Кока — страница 44 из 148

– Нельзя без шприца? – взмолился Кока, с ужасом поглядывая на громадный железный агрегат.

– Нет, это главное! Снимай трусы, живо! На колени! Калэнно-лактэвой поза! – добавила торжественно по-русски.

Кока взгромоздился коленями на кушетку, всё ещё не понимая, чего от него хотят.

– Ноги раздвинь! Вы же так девочкам говорите: раздвинь ножки, дорогая? А сейчас ты раздвинешь! Ничего, не умрёшь. Десять раз придёшь – и здоров, – шутила врачиха, набирая в шприц булькающую кипящую грязь и обильно обмазывая увесистый наконечник вазелином.
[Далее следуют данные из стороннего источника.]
lemma sets_Tspace_tree_topology:
  "sets Tspace = sigma_sets NTrees {S. openin (pullback_topology NTrees tree_indicator euclidean) S}"
proof
  have "tree_indicator \<in> borel_measurable Tspace"
  proof (rule measurable_coordinatewise_then_product)
    show "(\<lambda>T. tree_indicator T p) \<in> borel_measurable Tspace" for p
      unfolding tree_indicator_def by (intro measurable_If measurable_const Tspace_mem_measurable) auto
  qed
  then have "tree_indicator -` V \<inter> NTrees \<in> sets Tspace" if "open V" for V
    using measurable_sets[OF _ borel_open[OF that]] by (metis space_Tspace)
  then show "sigma_sets NTrees {S. openin (pullback_topology NTrees tree_indicator euclidean) S}
      \<subseteq> sets Tspace"
    unfolding openin_tree_topology
    using sets.top[of Tspace] by (intro sets.sigma_sets_subset') (auto simp: space_Tspace)
  show "sets Tspace \<subseteq> sigma_sets NTrees {S. openin (pullback_topology NTrees tree_indicator euclidean) S}"
    unfolding sets_Tspace
  proof (rule sigma_sets_mono', safe)
    fix p
    have "{T \<in> NTrees. p \<in> T} = tree_indicator -` {h. 1/2 < h p} \<inter> NTrees"
      unfolding tree_indicator_def by auto
    moreover have "open {h :: (bool list \<times> nat list) \<Rightarrow> real. 1/2 < h p}"
      by (intro open_Collect_less continuous_on_const continuous_on_product_coordinates)
    ultimately show "openin (pullback_topology NTrees tree_indicator euclidean) {T \<in> NTrees. p \<in> T}"
      unfolding openin_tree_topology by blast
  qed
qed

text \<open>The Borel structure of \<open>Tspace\<close> comes from the topology making \<open>tree_indicator\<close> a
homeomorphism onto a closed subset of \<open>\<real>\<^sup>\<omega>\<close>.\<close>
lemma standard_borel_Tspace: "standard_borel Tspace"
proof -
  define X where "X = pullback_topology NTrees tree_indicator euclidean"
  define Y where "Y = subtopology (euclidean :: (bool list \<times> nat list \<Rightarrow> real) topology)
                        (tree_indicator ` NTrees)"
  have "homeomorphic_map X Y tree_indicator"
    unfolding X_def Y_def
    by (rule homeomorphic_map_pullback_topology) (auto intro: inj_on_subset[OF inj_tree_indicator])
  then have hom: "X homeomorphic_space Y" by (rule homeomorphic_map_imp_homeomorphic_space)
  have "completely_metrizable_space Y"
    unfolding Y_def using closed_tree_indicator_image[unfolded closed_closedin]
    by (rule completely_metrizable_space_closedin[OF completely_metrizable_space_euclidean])
  then have "completely_metrizable_space X"
    using homeomorphic_completely_metrizable_space[OF hom] by simp
  have "second_countable Y"
    unfolding Y_def by (rule second_countable_subtopology[OF second_countable_euclidean])
  then have "separable_space X"
    using homeomorphic_space_second_countability[OF hom] second_countable_imp_separable_space
    by simp
  moreover have "topspace X = space Tspace"
    unfolding X_def space_Tspace topspace_pullback_topology by simp
  ultimately show ?thesis
    unfolding standard_borel_def using \<open>completely_metrizable_space X\<close> sets_Tspace_tree_topology
    by (metis X_def space_Tspace)
qed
Что-то раскалённое начало внедряться в него, и от умопомрачительной боли Кока застонал.

Врачиха удовлетворённо отозвалась:

– Ассе унда, швило! Ассеа каи![109] – и медленно впустила горячую до одури грязь, отчего сразу захотелось бежать в туалет.

Но врачиха, ловко вытащив шприц, ткнула пальцем на шум:

– Туда сначала, они знают!

От ужаса, стыда, боли, наготы мало соображая, Кока схватил брюки и рубашку. Грязь горяча, даже горюча!

Врачиха кивнула ему:

– На свою сумку положи, никто не возьмёт.

Пройдя кое-как по скользкому полу, с разбухшим низом живота, он оказался в круглом помещении, тоже с куполом. Шесть морговских цинковых столов. На трёх из них лежали похожие на мумии люди, замотаны до шеи, словно коконы. Пол залит водой. Возле одного стола шуровали две здоровые девки в резиновых перчатках и передниках, заворачивали человека во что-то чёрное, а Коке бросили:

– Иди ложись, где свободно.

Прикрывая стыд, он ждал возле стола. Дрожал, несмотря на жару и пар, исходящий от коконов. Где-то внизу живота лежало что-то горячее, тяжёлое, и он подумал о бедных беременных женщинах, которым приходится со сходным ужасом жить месяцами.

Коконы молчали, уставясь в купол. В полутьме лиц не разглядеть.

Вот девка принесла брезентовую ткань, раскатала её по столу и велела Коке ложиться. Другая подвезла тележку с чаном булькающей грязи. Начали лопатой и пригоршнями зачёрпывать дьявольское зелье и обмазывать им Коку с шеи до ног.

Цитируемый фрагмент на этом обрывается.